I enjoy sunrises and sunsets equally. Each represents a different way of approaching a day, like bookends with all the stories in between.

A sunrise is the promise of the coming day. It promises a mixture of the plans that I make and all the unknowns that can either help or hinder my plans. It’s a calling to march, once more, unto the breach. I can’t predict the result, but it’s important that I, at least, get on my feet and on my way. And some days are harder than others to moving.

When the sun begins to dip low toward the horizon, it is a time for reflection. I have discovered the mysteries and trudged through the banality of the day. I have been embraced by success and embroiled in failure. The sunset gives me that time to look back on how the day went and, more importantly, how I reacted to it. Sometimes, it is simply a moment to throw my hands into the air and let the frustrations from the day pass into shadow. In any case, perhaps there is a small crumb of wisdom I can glean from the day to make tomorrow more productive.

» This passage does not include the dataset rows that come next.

lemma cp_instrument_compression:
  assumes R: "bounded_clinear_op R" and "is_adjoint R R" and comm: "commutes_with_dilation R"
    and nonneg: "\<And>x. 0 \<le> Re (cinner x (R x))"
  shows "cp_instrument M (compression R)"
proof -
  have "cp_map (compression R A)" if A: "A \<in> sets M" for A
  proof -
    have "compression R A (a + b) = (\<lambda>h. compression R A a h + compression R A b h)" for a b
      by (simp add: fun_eq_iff compression_def \<pi>_add bounded_clinear_op_add[OF R]
          bounded_clinear_op_add[OF V_adj(1)])
    moreover have "compression R A (c *\<^sub>C a) = (\<lambda>h. c *\<^sub>C compression R A a h)" for c a
      by (simp add: fun_eq_iff compression_def \<pi>_scaleC bounded_clinear_op_scaleC[OF R]
          bounded_clinear_op_scaleC[OF V_adj(1)])
    moreover have "bounded_clinear_op (compression R A a)" for a
      unfolding compression_def
      by (intro bounded_clinear_op_compose[OF V_adj(1)] bounded_clinear_op_compose[OF R]
          bounded_clinear_op_compose[OF \<pi>_bounded]
          bounded_clinear_op_compose[OF E_bounded[OF A] bounded_V])
    moreover have "Im (\<Sum>i<n. \<Sum>j<n. cinner (h i) (compression R A (star (a i) * a j) (h j))) = 0 \<and>
        0 \<le> Re (\<Sum>i<n. \<Sum>j<n. cinner (h i) (compression R A (star (a i) * a j) (h j)))"
      for n :: nat and a :: "nat \<Rightarrow> 'a" and h :: "nat \<Rightarrow> 'h"
      unfolding compression_gram[OF R comm A]
      using selfadjoint_Im_cinner[OF \<open>is_adjoint R R\<close>] nonneg by simp
    ultimately show ?thesis unfolding cp_map_def by blast
  qed
  moreover have "cinner h (compression R A a k) = cinner (\<pi> (star a) (R (V h))) (E A (V k))" for h A a k
    using \<open>is_adjoint R R\<close>
    by (simp add: compression_def V_adj is_adjoint_def \<pi>_star flip: commutes_with_dilation_\<pi>[OF comm])
  ultimately show ?thesis
    using E_weakly_countably_additive
    by (simp add: cp_instrument_def weakly_countably_additive_def)
qed

lemma compression_dominated:
  assumes R: "bounded_clinear_op R" and "is_adjoint R R" and comm: "commutes_with_dilation R"
    and nonneg: "\<And>x. 0 \<le> Re (cinner x (R x))" and le: "\<And>x. Re (cinner x (R x)) \<le> Re (cinner x x)"
  shows "dominated_instrument M (compression R) I"
proof -
  have "cp_instrument M (compression (\<lambda>x. x - R x))"
  proof (rule cp_instrument_compression)
    show "bounded_clinear_op (\<lambda>x. x - R x)" by (intro bounded_clinear_op_diff_op bounded_clinear_op_id R)
    show "is_adjoint (\<lambda>x. x - R x) (\<lambda>x. x - R x)"
      using \<open>is_adjoint R R\<close> by (simp add: is_adjoint_def cinner_diff_left cinner_diff_right)
    show "commutes_with_dilation (\<lambda>x. x - R x)"
      by (intro commutes_with_dilation_diff commutes_with_dilation_id comm)
    show "0 \<le> Re (cinner x (x - R x))" for x using le[of x] by (simp add: cinner_diff_right)
  qed
  then have "cp_instrument M (\<lambda>A a x. I A a x - compression R A a x)"
    by (rule cp_instrument_cong)
      (simp add: instrument_eq_compression compression_def bounded_clinear_op_diff[OF V_adj(1)])
  then show ?thesis
    using cp_instrument_compression[OF assms(1-4)] by (simp add: dominated_instrument_def)
qed
lemma gen_eigenvectors_orthogonal:
  fixes A :: "real^'n^'n"
  assumes sym: "transpose A = A"
    and u: "A *v u = s *\<^sub>R (diagm d *v u)" and w: "A *v w = t *\<^sub>R (diagm d *v w)"
    and "s \<noteq> t"
  shows "u \<bullet> (diagm d *v w) = 0"
proof -
  have "t * (u \<bullet> (diagm d *v w)) = u \<bullet> (A *v w)" using w by simp
  also have "\<dots> = w \<bullet> (A *v u)" by (rule inner_matrix_vector_symmetric[OF sym])
  also have "\<dots> = s * (w \<bullet> (diagm d *v u))" using u by simp
  also have "\<dots> = s * (u \<bullet> (diagm d *v w))"
    using inner_matrix_vector_symmetric[OF transpose_diagm, of w d u] by simp
  finally show ?thesis using \<open>s \<noteq> t\<close> by simp
qed

lemma finite_gen_eigenvalues:
  fixes A :: "real^'n^'n"
  assumes sym: "transpose A = A" and d: "\<And>i. 0 < d$i"
  shows "finite {t. gen_eigenvalue A d t}" (is "finite ?S")
proof -
  define W where "W t = (SOME w. w \<noteq> 0 \<and> A *v w = t *\<^sub>R (diagm d *v w))" for t
  have W: "W t \<noteq> 0 \<and> A *v W t = t *\<^sub>R (diagm d *v W t)" if "t \<in> ?S" for t
    using that unfolding W_def gen_eigenvalue_def mem_Collect_eq by (rule someI_ex)
  \<comment> \<open>rescaling by the square root of D turns D-orthogonality into orthogonality\<close>
  define g where "g t = (\<chi> i. sqrt (d$i) * W t $ i)" for t
  have g_inner: "g s \<bullet> g t = W s \<bullet> (diagm d *v W t)" for s t
    using d by (simp add: g_def inner_vec_def diagm_vector_mult mult_ac less_imp_le)
  have g_orth: "g s \<bullet> g t = 0" if "s \<in> ?S" "t \<in> ?S" "s \<noteq> t" for s t
    unfolding g_inner using gen_eigenvectors_orthogonal[OF sym _ _ that(3)] W that(1,2) by blast
  have g_nonzero: "g t \<bullet> g t \<noteq> 0" if "t \<in> ?S" for t
    unfolding g_inner using quadratic_diagm_pos[OF d] W[OF that] by (metis less_irrefl)
  have "inj_on g ?S"
    by (rule inj_onI) (metis g_orth g_nonzero)
  moreover have "finite (g ` ?S)"
    by (rule pairwise_orthogonal_imp_finite) (auto simp: pairwise_def orthogonal_def intro: g_orth)
  ultimately show ?thesis using finite_imageD by blast
qed

lemma transpose_diff: "transpose (A - B) = transpose A - transpose (B :: 'a::ab_group_add^'n^'m)"
  by (simp add: transpose_def vec_eq_iff)
lemma gamma_variance_01_eq:
  fixes x :: "nat \<Rightarrow> real" and g :: real
  assumes "n > 0" and x01: "\<And>i. i < n \<Longrightarrow> x i \<in> {0, 1}"
  defines "L \<equiv> (1 / real n) * (\<Sum>i<n. x i)"
  shows "(1 / real n) * (\<Sum>i<n. (x i - (1 + g) * L)\<^sup>2) = L - (1 - g\<^sup>2) * L\<^sup>2"
proof -
  define c where "c = (1 + g) * L"
  have "(\<Sum>i<n. (x i - c)\<^sup>2) = (\<Sum>i<n. x i - 2 * c * x i + c\<^sup>2)"
    using x01 by (intro sum.cong) (auto simp: power2_eq_square algebra_simps)
  also have "\<dots> = (1 - 2 * c) * (\<Sum>i<n. x i) + real n * c\<^sup>2"
    by (simp add: sum.distrib sum_subtractf sum_distrib_left algebra_simps)
  also have "(\<Sum>i<n. x i) = real n * L"
    using \<open>n > 0\<close> unfolding L_def by simp
  finally show ?thesis
    using \<open>n > 0\<close> unfolding c_def by (simp add: power2_eq_square field_simps)
qed

locale supersample =
  fixes \<mu> :: "'z measure" and n :: nat
  assumes prob_space: "prob_space \<mu>"
begin

sublocale \<mu>: prob_space \<mu>
  by (rule prob_space)

sublocale sample: prob_space "sample_space \<mu> n"
  unfolding sample_space_def by (intro prob_space_PiM prob_space)

sublocale super: prob_space "supersample_space \<mu> n"
  unfolding supersample_space_def by (intro prob_space_PiM prob_space_pair prob_space)

sublocale mask: prob_space "mask_space n"
  unfolding mask_space_def by (intro prob_space_PiM prob_space_measure_pmf)
(* Let $d=2$, $r\neq0$ and $h(\mathbf{y})=h_1(y_1)h_2(y_2)$ with $h_1,h_2\in\mathcal{S}(\mathbb{R})$. Let $\psi(\mathbf{w})=\int_{\mathbb{R}^2}h(\mathbf{y})\mathcal{F}_\kappa[(|\mathbf{w}\cdot\mathbf{y}|-|\kappa|)^+](r)d\mathbf{y}$ and $\theta:=\psi-\lim_{|\mathbf{w}|\to\infty}\psi(\mathbf{w})$. Then $\theta\in\mathcal{S}_e^{\rm sep}$ and, with $g(\mathbf{w}):=\frac{2}{r^2}\int_{\mathbb{R}^2}h(\mathbf{y})\cos(r\mathbf{w}\cdot\mathbf{y})d\mathbf{y}$, $$T^2(\theta)-\theta(\mathbf0)=\frac{2}{r^2}\int_{\mathbb{R}^2}h(\mathbf{y})d\mathbf{y}-\frac{1}{4\pi^2}\mathrm{PV}\!\!\int\Big(\frac{dw_1}{w_1+1}+\frac{dw_1}{w_1-1}\Big)\mathrm{PV}\!\!\int\Big(\frac{dw_2}{w_2+w_1}-\frac{dw_2}{w_2-w_1}\Big)g(\mathbf{w})$$ $$\qquad-\frac{1}{4\pi^2}\mathrm{PV}\!\!\int\Big(\frac{dw_2}{w_2+1}+\frac{dw_2}{w_2-1}\Big)\mathrm{PV}\!\!\int\Big(\frac{dw_1}{w_1+w_2}-\frac{dw_1}{w_1-w_2}\Big)g(\mathbf{w}).$$
   Context: $\mathcal{F}_\kappa[u(\kappa)](r)=\int_{\mathbb{R}}u(\kappa)e^{-ir\kappa}d\kappa$. Cauchy principal value: $\mathrm{PV}\!\int\frac{g(w)}{w-c}dw=\lim_{\epsilon\to0+}\int_{|w-c|>\epsilon}\frac{g(w)}{w-c}dw$, and sums of such symbols act by linearity, e.g. $\mathrm{PV}\!\int(\frac{dw_1}{w_1+1}+\frac{dw_1}{w_1-1})\mathrm{PV}\!\int(\frac{dw_2}{w_2+w_1}-\frac{dw_2}{w_2-w_1})g$ means $\sum_{c,\varepsilon\in\{\pm1\}}\varepsilon\,\mathrm{PV}\!\int\frac{dw_1}{w_1+c}\big(\mathrm{PV}\!\int\frac{g(w_1,w_2)}{w_2+\varepsilon w_1}dw_2\big)$. $\mathcal{S}_e^{\rm sep}$ is the linear span of functions $\varphi(\mathbf{w})+\varphi(-\mathbf{w})$ with $\varphi(\mathbf{w})=\varphi_1(w_1)\varphi_2(w_2)$, $\varphi_i\in\mathcal{S}(\mathbb{R})$. $T^2$ is the linear form on $\mathcal{S}_e^{\rm sep}$ $$T^2(\theta)=\frac{1}{4\pi^2}\mathrm{PV}\!\!\int\Big(\frac{dw_1}{w_1+1}+\frac{dw_1}{w_1-1}\Big)\mathrm{PV}\!\!\int\Big(\frac{dw_2}{w_2+w_1}-\frac{dw_2}{w_2-w_1}\Big)\theta(\mathbf{w})+\frac{1}{4\pi^2}\mathrm{PV}\!\!\int\Big(\frac{dw_2}{w_2+1}+\frac{dw_2}{w_2-1}\Big)\mathrm{PV}\!\!\int\Big(\frac{dw_1}{w_1+w_2}-\frac{dw_1}{w_1-w_2}\Big)\theta(\mathbf{w}),$$ defined first on separable products and extended by linearity. *)

theory Defs
  imports "HOL-Analysis.Analysis"
begin

definition vderiv :: "(real \<Rightarrow> complex) \<Rightarrow> real \<Rightarrow> complex" where
  "vderiv f = (\<lambda>x. vector_derivative f (at x))"

definition schwartz :: "(real \<Rightarrow> complex) \<Rightarrow> bool" where
  "schwartz f \<longleftrightarrow>
     (\<forall>n x. ((vderiv ^^ n) f) differentiable (at x)) \<and>
     (\<forall>m n. bounded (range (\<lambda>x. (x ^ m) *\<^sub>R ((vderiv ^^ n) f x))))"

definition fourier :: "(real \<Rightarrow> complex) \<Rightarrow> real \<Rightarrow> complex" where
  "fourier u r = (LINT \<kappa>|lborel. u \<kappa> * cis (- (r * \<kappa>)))"

definition PV :: "real \<Rightarrow> (real \<Rightarrow> complex) \<Rightarrow> complex" where
  "PV c g = Lim (at_right 0)
     (\<lambda>\<epsilon>::real. LINT w:{w. \<epsilon> < \<bar>w - c\<bar>}|lborel. g w / complex_of_real (w - c))"

definition Se_sep :: "(real \<times> real \<Rightarrow> complex) set" where
  "Se_sep = {\<theta>. \<exists>(n::nat) (c::nat \<Rightarrow> complex) \<phi>1 \<phi>2.
      (\<forall>i<n. schwartz (\<phi>1 i) \<and> schwartz (\<phi>2 i)) \<and>
      \<theta> = (\<lambda>w. \<Sum>i<n. c i * (\<phi>1 i (fst w) * \<phi>2 i (snd w)
                               + \<phi>1 i (- fst w) * \<phi>2 i (- snd w)))}"

text \<open>The iterated principal-value form T^2 (the formula of the paper, applied
  to the function directly; on S_e^sep this is the linear extension).
  Note 1/(w+a) = 1/(w-(-a)).\<close>
definition T2 :: "(real \<times> real \<Rightarrow> complex) \<Rightarrow> complex" where
  "T2 \<theta> = complex_of_real (1 / (4 * pi\<^sup>2)) *
     ( (PV (-1) (\<lambda>w1. PV (- w1) (\<lambda>w2. \<theta> (w1, w2)) - PV w1 (\<lambda>w2. \<theta> (w1, w2)))
      + PV 1 (\<lambda>w1. PV (- w1) (\<lambda>w2. \<theta> (w1, w2)) - PV w1 (\<lambda>w2. \<theta> (w1, w2))))
     + (PV (-1) (\<lambda>w2. PV (- w2) (\<lambda>w1. \<theta> (w1, w2)) - PV w2 (\<lambda>w1. \<theta> (w1, w2)))
      + PV 1 (\<lambda>w2. PV (- w2) (\<lambda>w1. \<theta> (w1, w2)) - PV w2 (\<lambda>w1. \<theta> (w1, w2)))))"

end

theory Submission
  imports Defs "HOL-Probability.Sinc_Integral" "HOL-Probability.Characteristic_Functions" "HOL-Real_Asymp.Real_Asymp"
begin
(* If $k \geq 9$ and $|q - q_k| < q_k^{-2k-6}$, then $d_{\mathrm{H}}\big(g_{q,k}(\pi_q(A_q)),\ g_{q_k,k}(\pi_{q_k}(A_{q_k}))\big) < q_k^{-2k-4}$.
   Context: $q_k$ is the unique root in $(1,2)$ of $x^k - x^{k-1} - \cdots - x - 1 = 0$. $\pi_q((\epsilon_j)_{j\ge1}) = \sum_{j\ge1}\epsilon_j q^{-j}$ (for sequences over $\{-1,0,1\}$). $g_{q,k}(x) = q^{-k}x + \sum_{j=1}^{k-1}q^{-j}$. $d_{\mathrm{H}}$ is the Hausdorff distance. $W_2 = \{(-1\,0),(0\,{-1}),(00),(01),(10)\}$ and $1^k0^{k+4}W_2^\mathbb{N}$ is the set of sequences over $\{-1,0,1\}$ starting with $k$ ones then $k+4$ zeros whose tail is an infinite concatenation of words from $W_2$. Construction of $A_p$ from a fixed expansion of 1: given $(c_j) \in \{-1,0,1\}^\mathbb{N}$ with $\pi_p((c_j)) = 1$, let $J = \{j : c_j = 0\}$ enumerated $j_0<j_1<\cdots$, $J_{\mathrm{fixed},1} = \{j_n : n=4m+1, m\ge0\}$, $J_{\mathrm{fixed},0} = \{j_n : n = 4m+3, m\ge0\}$; $A_p$ is the set of $(a_j) \in \{0,1\}^\mathbb{N}$ with $a_j = 1$ if $c_j = 1$, $a_j = 0$ if $c_j = -1$, $a_j = 1$ if $j\in J_{\mathrm{fixed},1}$, $a_j = 0$ if $j \in J_{\mathrm{fixed},0}$. Here $A_{q_k}$ is built from $(c_j) = 1^k0^\infty$, and $A_q$ is built from an arbitrarily chosen sequence $(c_j) \in 1^k0^{k+4}W_2^\mathbb{N}$ with $\pi_q((c_j)) = 1$ (such a sequence exists for these $k,q$). *)

theory Defs
  imports "HOL-Analysis.Analysis"
begin

definition qk :: "nat \<Rightarrow> real" where
  "qk k = (THE x. 1 < x \<and> x < 2 \<and> x ^ k - (\<Sum>i<k. x ^ i) = 0)"

text \<open>Sequences are 0-indexed: c j stands for the paper's epsilon_(j+1).
  pi_q(eps) = sum_(j>=1) eps_j q^(-j) = sum_(j>=0) c j q^(-(j+1)).\<close>
definition pi_q :: "real \<Rightarrow> (nat \<Rightarrow> int) \<Rightarrow> real" where
  "pi_q q c = (\<Sum>j. real_of_int (c j) / q ^ (Suc j))"

definition g_qk :: "real \<Rightarrow> nat \<Rightarrow> real \<Rightarrow> real" where
  "g_qk q k x = x / q ^ k + (\<Sum>j\<in>{1..<k}. 1 / q ^ j)"

definition hausdorff_dist :: "'a::metric_space set \<Rightarrow> 'a set \<Rightarrow> real" where
  "hausdorff_dist A B = max (SUP a\<in>A. infdist a B) (SUP b\<in>B. infdist b A)"

definition W2 :: "(int \<times> int) set" where
  "W2 = {(-1, 0), (0, -1), (0, 0), (0, 1), (1, 0)}"

text \<open>1^k 0^(k+4) W_2^N (0-indexed positions).\<close>
definition seqs_W2 :: "nat \<Rightarrow> (nat \<Rightarrow> int) set" where
  "seqs_W2 k = {c. (\<forall>j<k. c j = 1) \<and> (\<forall>j. k \<le> j \<and> j < 2 * k + 4 \<longrightarrow> c j = 0)
      \<and> (\<forall>m. (c (2 * k + 4 + 2 * m), c (2 * k + 4 + 2 * m + 1)) \<in> W2)}"

definition ones_then_zeros :: "nat \<Rightarrow> nat \<Rightarrow> int" where
  "ones_then_zeros k j = (if j < k then 1 else 0)"

text \<open>J = zero positions; the position j = j_n has index n = #{i in J. i < j}.\<close>
definition zero_index :: "(nat \<Rightarrow> int) \<Rightarrow> nat \<Rightarrow> nat" where
  "zero_index c j = card {i. i < j \<and> c i = 0}"

definition J_fixed1 :: "(nat \<Rightarrow> int) \<Rightarrow> nat set" where
  "J_fixed1 c = {j. c j = 0 \<and> zero_index c j mod 4 = 1}"

definition J_fixed0 :: "(nat \<Rightarrow> int) \<Rightarrow> nat set" where
  "J_fixed0 c = {j. c j = 0 \<and> zero_index c j mod 4 = 3}"

definition A_set :: "(nat \<Rightarrow> int) \<Rightarrow> (nat \<Rightarrow> int) set" where
  "A_set c = {a. (\<forall>j. a j \<in> {0, 1})
      \<and> (\<forall>j. c j = 1 \<longrightarrow> a j = 1)
      \<and> (\<forall>j. c j = -1 \<longrightarrow> a j = 0)
      \<and> (\<forall>j\<in>J_fixed1 c. a j = 1)
      \<and> (\<forall>j\<in>J_fixed0 c. a j = 0)}"

end

theory Submission
  imports Defs
begin

(* Prepending the word 1^(k-1) 0 to a q-expansion is exactly the map g_(q,k), so both sets
   consist of values pi_q of {0,1}-sequences.  Only the first 2k+4 digits of c enter the proof: there c agrees
   with 1^k 0^infinity, so the forced and free positions of A_q and A_(q_k) coincide, and every
   sequence of one set can be matched with one of the other sharing its first 3k+4 digits after
   prepending.  Changing the base from q to q_k moves the common prefix by at most
   |q - q_k| / (r - 1)^2 for r = 1.8 (termwise mean value bound and sum (n+1) s^n = (1-s)^-2),
   and the two tails differ by at most r^-(3k+4) / (r - 1); for k >= 4 each of these is below
   half of q_k^-(2k+4). *)

lemma sum_inverse_powers_strict_antimono:
  fixes x y :: real
  assumes "1 < x" "x < y" "1 \<le> k"
  shows "(\<Sum>i<k. 1 / y ^ (k - i)) < (\<Sum>i<k. 1 / x ^ (k - i))"
proof (rule sum_strict_mono)
  fix i assume "i \<in> {..<k}"
  then have "x ^ (k - i) < y ^ (k - i)" using assms by (intro power_strict_mono) auto
  then show "1 / y ^ (k - i) < 1 / x ^ (k - i)" using assms
    by (intro divide_strict_left_mono) auto
qed (use assms in \<open>auto simp: lessThan_empty_iff\<close>)

lemma qk_equation_iff:
  fixes x :: real
  assumes "0 < x"
  shows "x ^ k - (\<Sum>i<k. x ^ i) = 0 \<longleftrightarrow> (\<Sum>i<k. 1 / x ^ (k - i)) = 1"
proof -
  have "(\<Sum>i<k. 1 / x ^ (k - i)) = (\<Sum>i<k. x ^ i / x ^ k)"
  proof (rule sum.cong)
    fix i assume "i \<in> {..<k}"
    then have "x ^ k = x ^ i * x ^ (k - i)" by (simp flip: power_add)
    then show "1 / x ^ (k - i) = x ^ i / x ^ k" using assms by (simp add: field_simps)
  qed simp
  also have "\<dots> = (\<Sum>i<k. x ^ i) / x ^ k" by (simp add: sum_divide_distrib)
  finally show ?thesis using assms by (simp add: divide_eq_1_iff)
qed

lemma qk_eqI:
  fixes x :: real
  assumes "1 < x" "x < 2" "x ^ k - (\<Sum>i<k. x ^ i) = 0"
  shows "qk k = x"
  unfolding qk_def
proof (rule the_equality)
  fix y :: real assume y: "1 < y \<and> y < 2 \<and> y ^ k - (\<Sum>i<k. y ^ i) = 0"
  have "(\<Sum>i<k. 1 / y ^ (k - i)) = 1" "(\<Sum>i<k. 1 / x ^ (k - i)) = 1"
    using y assms qk_equation_iff by auto
  moreover from this have "1 \<le> k" by (cases k) auto
  ultimately show "y = x"
    using sum_inverse_powers_strict_antimono[of x y k] sum_inverse_powers_strict_antimono[of y x k]
      y assms by (cases y x rule: linorder_cases) auto
qed (use assms in auto)
(* Let $\rho>0$ and $\mu_{\mathsf f}\in\mathbb R^n$. Consider the minimum variance steering problem: for the system and affine disturbance feedback policy described in the context, find $\overline{\mathscr U}=\{\bar u(0),\dots,\bar u(T-1)\}$ and $\mathscr K=\{K_{(t,\tau)}:0\le\tau\le t\le T-2\}$ minimizing $J_1(\overline{\mathscr U},\mathscr K):=\mathrm{tr}(\mathrm{var}_x(T))$ subject to $\mathbb E\big[\sum_{t=0}^{T-1}u(t)^\top u(t)\big]-\rho^2\le0$ and $\mu_x(T)=\mu_{\mathsf f}$. This problem is equivalent to the convex program $$\min_{(\bar{\bm u},\bm{\mathcal K})\in\mathscr D}\ \mathcal J_1(\bm{\mathcal K})\quad\text{subject to}\quad (\bar{\bm u},\bm{\mathcal K})\in\mathscr D_1\cap\mathscr D_2,$$ where $\mathcal J_1(\bm{\mathcal K}):=\mathrm{tr}\big(\mathbf P_{T+1}\mathfrak h(\bm{\mathcal K})\mathbf P_{T+1}^\top\big)$ with $\mathfrak h(\bm{\mathcal K}):=\mathbf G_0\Sigma_0\mathbf G_0^\top+(\mathbf G_{\bm w}+\mathbf G_{\bm u}\bm{\mathcal K})\mathbf W(\mathbf G_{\bm w}+\mathbf G_{\bm u}\bm{\mathcal K})^\top$, $\mathscr D_1:=\{(\bar{\bm u},\bm{\mathcal K})\in\mathscr D:\ \bar{\bm u}^\top\bar{\bm u}+\mathrm{tr}(\bm{\mathcal K}\mathbf W\bm{\mathcal K}^\top)-\rho^2\le0\}$ and $\mathscr D_2:=\{(\bar{\bm u},\bm{\mathcal K})\in\mathscr D:\ \mathbf P_{T+1}(\mathbf G_{\bm u}\bar{\bm u}+\mathbf G_0\mu_0)-\mu_{\mathsf f}=0\}$, the decision variables being related by $\bar{\bm u}=\mathrm{vertcat}(\overline{\mathscr U})$ and $\bm{\mathcal K}$ built from $\mathscr K$ as in the context.
   Context: System: $x(t+1)=A(t)x(t)+B(t)u(t)+w(t)$, $t\in\{0,\dots,T-1\}$, $x(0)=x_0\sim\mathcal N(\mu_0,\Sigma_0)$ with $\Sigma_0$ symmetric positive definite; $w(0),\dots,w(T-1)$ i.i.d. Gaussian with mean $0$ and covariance $W$ (symmetric positive semidefinite), uncorrelated across time, and $\mathbb E[x_0w(t)^\top]=0$. Policy: $u(0)=\bar u(0)$, $u(t)=\bar u(t)+\sum_{\tau=0}^{t-1}K_{(t-1,\tau)}w(\tau)$ for $t\in\{1,\dots,T-1\}$, $K_{(t-1,\tau)}\in\mathbb R^{m\times n}$. Notation: $\Phi(t,\tau):=A(t-1)\cdots A(\tau)$ ($t>\tau$), $\Phi(t,t)=I$. $\bar{\bm u},\bm w$ are vertical concatenations of $\bar u(0..T-1)$, $w(0..T-1)$. $\mathbf W:=\mathrm{bdiag}(W,\dots,W)$ ($T$ blocks). $\mathbf G_0:=[I;\Phi(1,0);\dots;\Phi(T,0)]$; $\mathbf G_{\bm u}$ (block rows $0..T$, block columns $0..T-1$) has $(i,j)$ block $\Phi(i,j+1)B(j)$ if $i\ge j+1$, else $0$; $\mathbf G_{\bm w}$ has $(i,j)$ block $\Phi(i,j+1)$ if $i\ge j+1$, else $0$. $\bm{\mathcal K}:=\begin{bmatrix}0&0\\ \mathbf K&0\end{bmatrix}\in\mathbb R^{Tm\times Tn}$ with $\mathbf K$ block lower triangular having $(i,j)$ block $K_{(i,j)}$, $0\le j\le i\le T-2$; then $\bm u=\bar{\bm u}+\bm{\mathcal K}\bm w$. $\mathscr D$ is the set of all pairs $(\bar{\bm u},\bm{\mathcal K})\in\mathbb R^{Tm}\times\mathbb R^{Tm\times Tn}$ with $\bm{\mathcal K}$ of this structure. $\mathbf P_{T+1}\in\mathbb R^{n\times(T+1)n}$ is zero except for an identity in its last block, so $x(T)=\mathbf P_{T+1}[x(0);\dots;x(T)]$. $\mu_x(T)=\mathbb E[x(T)]$, $\mathrm{var}_x(T)$ its covariance matrix. *)

theory Defs
  imports "HOL-Probability.Probability" "Jordan_Normal_Form.Matrix"
begin

(* Block indexing: row i of a matrix with row blocks of
   size n belongs to block (i div n), position (i mod n). *)

definition mat_trace :: "real mat \<Rightarrow> real" where
  "mat_trace S = (\<Sum>i<dim_row S. index_mat S (i, i))"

These two photographs were taken on the first full day of a short research cruise at the Flower Garden Banks Marine Sanctuary in the Gulf of Mexico. I was out on the R/V Manta with crew and scientists with the National Oceanographic and Atmospheric Administration (NOAA). They were going to survey the reefs at the sanctuary while I was going to collect water samples as part of what my lab hoped would become a long-term monitoring project related to ocean acidification.



The sunrise is framed on the back deck surrounded by dive gear and what is known as a Rosette Sampler. The white cylindrical frame held twelve grey Niskin bottles. When deployed, the bottles are held open with wires stretched across the bottle. A signal from the ship shuts the bottles when the rosette sampler reaches the desired depths for water sampling. I can then collect the water when the sampler is brought back on board. This was the promise of our day. It was a day of diving and water collection in the Gulf of Mexico.


The second picture is sunset over the Gulf of Mexico. I was on the top deck of the ship, waiting for twilight and the night sky to light up with stars not seen in the city. It was a moment of bittersweet reflection as we only had one more day out in the gulf before we would return to the mainland. However, it was a beautiful sunset; a good end to a productive day. You can also see another oil platform on the horizon. There a lot of them in the Gulf of Mexico, our only connection to human civilization.

I love the field days out at sea. They can get nasty, but out there I am free from most of the stresses and anxieties of the mainland. All I have to do is roll with the sea, do my work, and make it back in one piece. And get some great sunrises and sunsets to boot.